# Work request
Find the lines below that contain the string "meson". Copy each one.

# Exercise material
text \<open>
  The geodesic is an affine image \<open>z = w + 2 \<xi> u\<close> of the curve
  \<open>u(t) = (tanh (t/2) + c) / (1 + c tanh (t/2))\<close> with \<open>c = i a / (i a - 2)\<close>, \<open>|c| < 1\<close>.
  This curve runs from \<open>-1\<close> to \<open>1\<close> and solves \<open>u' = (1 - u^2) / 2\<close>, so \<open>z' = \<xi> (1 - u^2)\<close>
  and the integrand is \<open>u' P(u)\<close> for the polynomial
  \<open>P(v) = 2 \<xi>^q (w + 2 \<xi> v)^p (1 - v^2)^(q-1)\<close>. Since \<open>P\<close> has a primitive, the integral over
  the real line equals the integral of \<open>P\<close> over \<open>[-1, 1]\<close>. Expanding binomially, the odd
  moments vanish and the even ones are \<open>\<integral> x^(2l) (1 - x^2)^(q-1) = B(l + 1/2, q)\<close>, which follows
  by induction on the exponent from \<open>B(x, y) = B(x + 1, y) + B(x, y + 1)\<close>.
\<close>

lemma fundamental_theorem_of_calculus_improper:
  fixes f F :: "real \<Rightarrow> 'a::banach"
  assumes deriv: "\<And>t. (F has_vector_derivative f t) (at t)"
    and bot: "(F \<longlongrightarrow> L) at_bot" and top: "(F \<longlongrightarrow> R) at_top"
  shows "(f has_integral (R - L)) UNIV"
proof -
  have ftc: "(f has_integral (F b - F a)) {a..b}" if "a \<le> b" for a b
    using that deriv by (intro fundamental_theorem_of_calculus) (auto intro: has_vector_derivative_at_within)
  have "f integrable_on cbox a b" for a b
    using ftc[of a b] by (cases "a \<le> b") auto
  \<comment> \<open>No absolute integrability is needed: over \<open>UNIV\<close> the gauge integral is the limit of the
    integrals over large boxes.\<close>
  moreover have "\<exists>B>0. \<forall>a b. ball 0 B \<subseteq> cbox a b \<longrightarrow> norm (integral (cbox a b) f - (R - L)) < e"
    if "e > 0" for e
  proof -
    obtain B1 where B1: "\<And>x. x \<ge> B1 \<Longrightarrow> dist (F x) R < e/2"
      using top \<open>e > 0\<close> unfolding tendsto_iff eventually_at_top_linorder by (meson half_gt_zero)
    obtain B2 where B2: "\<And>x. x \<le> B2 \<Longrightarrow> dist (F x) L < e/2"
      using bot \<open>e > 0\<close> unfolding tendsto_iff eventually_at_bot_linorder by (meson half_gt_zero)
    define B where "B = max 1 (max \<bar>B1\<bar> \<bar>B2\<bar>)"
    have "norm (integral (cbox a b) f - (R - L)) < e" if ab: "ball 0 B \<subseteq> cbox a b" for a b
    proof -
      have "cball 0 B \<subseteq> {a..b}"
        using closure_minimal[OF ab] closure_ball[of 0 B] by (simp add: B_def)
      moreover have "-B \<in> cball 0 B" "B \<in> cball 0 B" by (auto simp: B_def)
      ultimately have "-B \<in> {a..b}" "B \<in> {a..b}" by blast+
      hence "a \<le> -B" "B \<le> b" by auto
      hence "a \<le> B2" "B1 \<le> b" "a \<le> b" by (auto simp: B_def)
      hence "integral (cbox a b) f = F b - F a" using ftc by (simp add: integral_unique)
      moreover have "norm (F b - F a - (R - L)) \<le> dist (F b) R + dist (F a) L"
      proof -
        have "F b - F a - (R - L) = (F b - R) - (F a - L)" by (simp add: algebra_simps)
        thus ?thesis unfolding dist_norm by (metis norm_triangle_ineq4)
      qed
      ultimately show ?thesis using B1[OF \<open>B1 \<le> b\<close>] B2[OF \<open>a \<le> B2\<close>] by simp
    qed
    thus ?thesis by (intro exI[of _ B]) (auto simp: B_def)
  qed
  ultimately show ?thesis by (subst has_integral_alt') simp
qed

# Task solution
      using top \<open>e > 0\<close> unfolding tendsto_iff eventually_at_top_linorder by (meson half_gt_zero)
      using bot \<open>e > 0\<close> unfolding tendsto_iff eventually_at_bot_linorder by (meson half_gt_zero)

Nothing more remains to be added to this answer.